In the entries that follow, find the line containing "(auto simp: partial_dephase_def)"; from there, copy every line exactly through the line containing "N (\<lambda>z. (e".
--- Supplied entries Enclosed Below ---
lemma mtrace_conj_partial_dephase_Suc:
  assumes "n < d" and W: "W \<in> carrier_mat d d"
  shows "2 * mtrace (mat_diag d f * (W * partial_dephase d (Suc n) A * adj W)) =
    mtrace (mat_diag d f * (W * partial_dephase d n A * adj W)) +
    mtrace (mat_diag d f * ((W * sign_flip d n) * partial_dephase d n A * adj (W * sign_flip d n)))"
proof -
  let ?M = "partial_dephase d n A" and ?M' = "partial_dephase d (Suc n) A"
  have WS: "W * sign_flip d n = mat d d (\<lambda>(i,j). W $$ (i,j) * (if j = n then -1 else 1))"
    unfolding sign_flip_def by (rule mat_diag_mult_right[OF W])
  have WS_carrier: "W * sign_flip d n \<in> carrier_mat d d" using W by (simp add: sign_flip_def)
  \<comment> \<open>The entries (n,b) and (a,n) with a, b > n change sign under the flip, so they cancel
     in the sum.\<close>
  have entrywise: "2 * (f i * W $$ (i,a) * ?M' $$ (a,b) * cnj (W $$ (i,b))) =
      f i * W $$ (i,a) * ?M $$ (a,b) * cnj (W $$ (i,b)) +
      f i * (W * sign_flip d n) $$ (i,a) * ?M $$ (a,b) * cnj ((W * sign_flip d n) $$ (i,b))"
    if "i < d" "a < d" "b < d" for i a b
    using that \<open>n < d\<close> by (auto simp: WS partial_dephase_def algebra_simps)
  show ?thesis
    unfolding mtrace_mat_diag_conj[OF W partial_dephase_carrier]
      mtrace_mat_diag_conj[OF WS_carrier partial_dephase_carrier]
    by (simp add: sum_distrib_left sum.distrib[symmetric] entrywise)
qed

lemma exists_unitary_conj_le_partial_dephase:
  assumes A: "A \<in> carrier_mat d d" and "n \<le> d" and "unitary_mat d W"
  shows "\<exists>V. unitary_mat d V \<and> Re (mtrace (mat_diag d f * (V * A * adj V)))
    \<le> Re (mtrace (mat_diag d f * (W * partial_dephase d n A * adj W)))"
  using assms(2,3)
proof (induction n arbitrary: W)
  case 0
  have "partial_dephase d 0 A = A" using A by (intro eq_matI) (auto simp: partial_dephase_def)
  then show ?case using "0.prems" by auto
next
  case (Suc n)
  define T where "T V M = Re (mtrace (mat_diag d f * (V * M * adj V)))" for V M
  have "n < d" "W \<in> carrier_mat d d" using Suc.prems by (simp_all add: unitary_mat_def)
  from arg_cong[where f = Re, OF mtrace_conj_partial_dephase_Suc[OF this, of f A]]
  have "2 * T W (partial_dephase d (Suc n) A)
      = T W (partial_dephase d n A) + T (W * sign_flip d n) (partial_dephase d n A)"
    unfolding T_def by simp
  then obtain W' where W': "unitary_mat d W'"
    and W'_le: "T W' (partial_dephase d n A) \<le> T W (partial_dephase d (Suc n) A)"
  proof (cases "T W (partial_dephase d n A) \<le> T W (partial_dephase d (Suc n) A)")
    case False
    then have "T (W * sign_flip d n) (partial_dephase d n A) \<le> T W (partial_dephase d (Suc n) A)"
      using \<open>2 * _ = _\<close> by linarith
    then show thesis using that unitary_mat_mult[OF Suc.prems(2) sign_flip_unitary] by blast
  qed (use Suc.prems that in blast)
  obtain V where "unitary_mat d V" "T V A \<le> T W' (partial_dephase d n A)"
    using Suc.IH[OF _ W'] Suc.prems unfolding T_def by auto
  then show ?case using W'_le unfolding T_def by auto
qed
text \<open>\<open>indep_var\<close> only relates random variables with values in the same space, so the
  independence of \<open>Z\<close> and \<open>\<Theta>\<close> is expressed through real-valued functions of them.\<close>
lemma (in prob_space) indep_affine_moments:
  fixes Z :: "'a \<Rightarrow> 'z" and \<Theta> :: "'a \<Rightarrow> real^'n" and V :: "'z \<Rightarrow> real^'n" and e :: "'z \<Rightarrow> real"
  assumes Z: "Z \<in> measurable M N" and distr: "distr M N Z = N" and \<Theta>: "\<Theta> \<in> borel_measurable M"
    and indep: "\<And>f g. f \<in> borel_measurable N \<Longrightarrow> g \<in> borel_measurable borel \<Longrightarrow>
      indep_var borel (\<lambda>\<omega>. f (Z \<omega>) :: real) borel (\<lambda>\<omega>. g (\<Theta> \<omega>) :: real)"
    and V: "V \<in> borel_measurable N" "integrable N (\<lambda>z. (norm (V z))\<^sup>2)"
    and e: "e \<in> borel_measurable N" "integrable N (\<lambda>z. (e z)\<^sup>2)"
    and \<Theta>_sq: "\<And>v. integrable M (\<lambda>\<omega>. (v \<bullet> \<Theta> \<omega>)\<^sup>2)"
    and \<Theta>_mean: "\<And>v. (\<integral>\<omega>. v \<bullet> \<Theta> \<omega> \<partial>M) = 0"
  defines "U \<equiv> \<lambda>\<omega>. V (Z \<omega>) \<bullet> \<Theta> \<omega> + e (Z \<omega>)"
  shows "integrable M U" and "(\<integral>\<omega>. U \<omega> \<partial>M) = (\<integral>z. e z \<partial>N)"
    and "integrable M (\<lambda>\<omega>. (U \<omega>)\<^sup>2)"
    and "integrable N (\<lambda>z. \<integral>\<omega>. (V z \<bullet> \<Theta> \<omega>)\<^sup>2 \<partial>M)"
    and "(\<integral>\<omega>. (U \<omega>)\<^sup>2 \<partial>M) = (\<integral>z. (\<integral>\<omega>. (V z \<bullet> \<Theta> \<omega>)\<^sup>2 \<partial>M) \<partial>N) + (\<integral>z. (e z)\<^sup>2 \<partial>N)"
proof -
  interpret N: prob_space N using prob_space_distr[OF Z] distr by simp
  note \<Theta>_i = borel_measurable_vec_nth_comp[OF \<Theta>] and V_i = borel_measurable_vec_nth_comp[OF V(1)]
  have "(\<lambda>\<omega>. \<Theta> \<omega> $ i) = (\<lambda>\<omega>. axis i 1 \<bullet> \<Theta> \<omega>)" for i by (simp add: inner_axis')
  then have \<Theta>_i_sq: "integrable M (\<lambda>\<omega>. (\<Theta> \<omega> $ i)\<^sup>2)" and \<Theta>_i_mean: "(\<integral>\<omega>. \<Theta> \<omega> $ i \<partial>M) = 0"
    for i using \<Theta>_sq \<Theta>_mean by metis+
  note \<Theta>_int = integrable_vec_components[OF \<Theta> \<Theta>_i_sq]
  note V_i_sq = integrable_component_square[OF V]
  note V_int = N.integrable_vec_components[OF V(1) V_i_sq]
  have eV: "integrable N (\<lambda>z. e z * V z $ i)" for i
    by (rule integrable_mult_of_square_integrable[OF e(1) V_i e(2) V_i_sq])
  have e_int: "integrable N e" by (rule N.square_integrable_imp_integrable[OF e])
  have prod: "integrable M (\<lambda>\<omega>. f (Z \<omega>) * g (\<Theta> \<omega>))"
      "(\<integral>\<omega>. f (Z \<omega>) * g (\<Theta> \<omega>) \<partial>M) = (\<integral>z. f z \<partial>N) * (\<integral>\<omega>. g (\<Theta> \<omega>) \<partial>M)"
    if "f \<in> borel_measurable N" "integrable N f" "g \<in> borel_measurable borel" "integrable M (\<lambda>\<omega>. g (\<Theta> \<omega>))"
    for f and g :: "real^'n \<Rightarrow> real"
    using indep_var_integral_mult[OF indep[OF that(1,3)] Z distr that(1,2,4)] by auto
  have comp: "integrable M (\<lambda>\<omega>. f (Z \<omega>))" "(\<integral>\<omega>. f (Z \<omega>) \<partial>M) = (\<integral>z. f z \<partial>N)"
    if "f \<in> borel_measurable N" "integrable N f" for f :: "'z \<Rightarrow> real"
    using integrable_distr_eq[OF Z that(1)] integral_distr[OF Z that(1)] that(2) distr by auto
  have nth: "(\<lambda>v::real^'n. v $ i) \<in> borel_measurable borel"
    and nth2: "(\<lambda>v::real^'n. v $ i * v $ j) \<in> borel_measurable borel" for i j
    by (intro borel_measurable_continuous_onI continuous_intros)+
  note P1 = prod[OF borel_measurable_times[OF V_i V_i] V_int(2) nth2 \<Theta>_int(2)]
  note P2 = prod[OF borel_measurable_times[OF e(1) V_i] eV nth \<Theta>_int(1)]
  note P3 = prod[OF V_i V_int(1) nth \<Theta>_int(1)]
  note E = comp[OF e(1) e_int] comp[OF borel_measurable_power[OF e(1)] e(2)]
  have U_sum: "U = (\<lambda>\<omega>. (\<Sum>i\<in>UNIV. V (Z \<omega>) $ i * \<Theta> \<omega> $ i) + e (Z \<omega>))"
    by (simp add: U_def inner_vec_def)
  have U_sq: "(U \<omega>)\<^sup>2 = (\<Sum>i\<in>UNIV. \<Sum>j\<in>UNIV. (V (Z \<omega>) $ i * V (Z \<omega>) $ j) * (\<Theta> \<omega> $ i * \<Theta> \<omega> $ j))
      + 2 * (\<Sum>i\<in>UNIV. (e (Z \<omega>) * V (Z \<omega>) $ i) * \<Theta> \<omega> $ i) + (e (Z \<omega>))\<^sup>2" for \<omega>
    unfolding U_def by (rule inner_add_square_expand)
  have \<Theta>_qf: "(\<integral>\<omega>. (v \<bullet> \<Theta> \<omega>)\<^sup>2 \<partial>M) = (\<Sum>i\<in>UNIV. \<Sum>j\<in>UNIV. v $ i * v $ j * (\<integral>\<omega>. \<Theta> \<omega> $ i * \<Theta> \<omega> $ j \<partial>M))" for v
    by (rule integral_inner_square_eq_sum[OF \<Theta>_int(2)])
  show "integrable M U" "(\<integral>\<omega>. U \<omega> \<partial>M) = (\<integral>z. e z \<partial>N)"
    unfolding U_sum using P3 E by (auto simp: \<Theta>_i_mean)
  show "integrable M (\<lambda>\<omega>. (U \<omega>)\<^sup>2)"
    unfolding U_sq using P1 P2 E by auto
  show "integrable N (\<lambda>z. \<integral>\<omega>. (V z \<bullet> \<Theta> \<omega>)\<^sup>2 \<partial>M)"
    unfolding \<Theta>_qf
    by (intro Bochner_Integration.integrable_sum Bochner_Integration.integrable_mult_left V_int(2))
  show "(\<integral>\<omega>. (U \<omega>)\<^sup>2 \<partial>M) = (\<integral>z. (\<integral>\<omega>. (V z \<bullet> \<Theta> \<omega>)\<^sup>2 \<partial>M) \<partial>N) + (\<integral>z. (e z)\<^sup>2 \<partial>N)"
    unfolding U_sq \<Theta>_qf using P1 P2 V_int(2) E
    by (simp add: \<Theta>_i_mean Bochner_Integration.integral_sum Bochner_Integration.integrable_sum
        Bochner_Integration.integrable_mult_left)
qed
--- End of Enclosed Supplied entries ---
▶ _Problem solution_
  have "partial_dephase d 0 A = A" using A by (intro eq_matI) (auto simp: partial_dephase_def)
  then show ?case using "0.prems" by auto
next
  case (Suc n)
  define T where "T V M = Re (mtrace (mat_diag d f * (V * M * adj V)))" for V M
  have "n < d" "W \<in> carrier_mat d d" using Suc.prems by (simp_all add: unitary_mat_def)
  from arg_cong[where f = Re, OF mtrace_conj_partial_dephase_Suc[OF this, of f A]]
  have "2 * T W (partial_dephase d (Suc n) A)
      = T W (partial_dephase d n A) + T (W * sign_flip d n) (partial_dephase d n A)"
    unfolding T_def by simp
  then obtain W' where W': "unitary_mat d W'"
    and W'_le: "T W' (partial_dephase d n A) \<le> T W (partial_dephase d (Suc n) A)"
  proof (cases "T W (partial_dephase d n A) \<le> T W (partial_dephase d (Suc n) A)")
    case False
    then have "T (W * sign_flip d n) (partial_dephase d n A) \<le> T W (partial_dephase d (Suc n) A)"
      using \<open>2 * _ = _\<close> by linarith
    then show thesis using that unitary_mat_mult[OF Suc.prems(2) sign_flip_unitary] by blast
  qed (use Suc.prems that in blast)
  obtain V where "unitary_mat d V" "T V A \<le> T W' (partial_dephase d n A)"
    using Suc.IH[OF _ W'] Suc.prems unfolding T_def by auto
  then show ?case using W'_le unfolding T_def by auto
qed
text \<open>\<open>indep_var\<close> only relates random variables with values in the same space, so the
  independence of \<open>Z\<close> and \<open>\<Theta>\<close> is expressed through real-valued functions of them.\<close>
lemma (in prob_space) indep_affine_moments:
  fixes Z :: "'a \<Rightarrow> 'z" and \<Theta> :: "'a \<Rightarrow> real^'n" and V :: "'z \<Rightarrow> real^'n" and e :: "'z \<Rightarrow> real"
  assumes Z: "Z \<in> measurable M N" and distr: "distr M N Z = N" and \<Theta>: "\<Theta> \<in> borel_measurable M"
    and indep: "\<And>f g. f \<in> borel_measurable N \<Longrightarrow> g \<in> borel_measurable borel \<Longrightarrow>
      indep_var borel (\<lambda>\<omega>. f (Z \<omega>) :: real) borel (\<lambda>\<omega>. g (\<Theta> \<omega>) :: real)"
    and V: "V \<in> borel_measurable N" "integrable N (\<lambda>z. (norm (V z))\<^sup>2)"
    and e: "e \<in> borel_measurable N" "integrable N (\<lambda>z. (e z)\<^sup>2)"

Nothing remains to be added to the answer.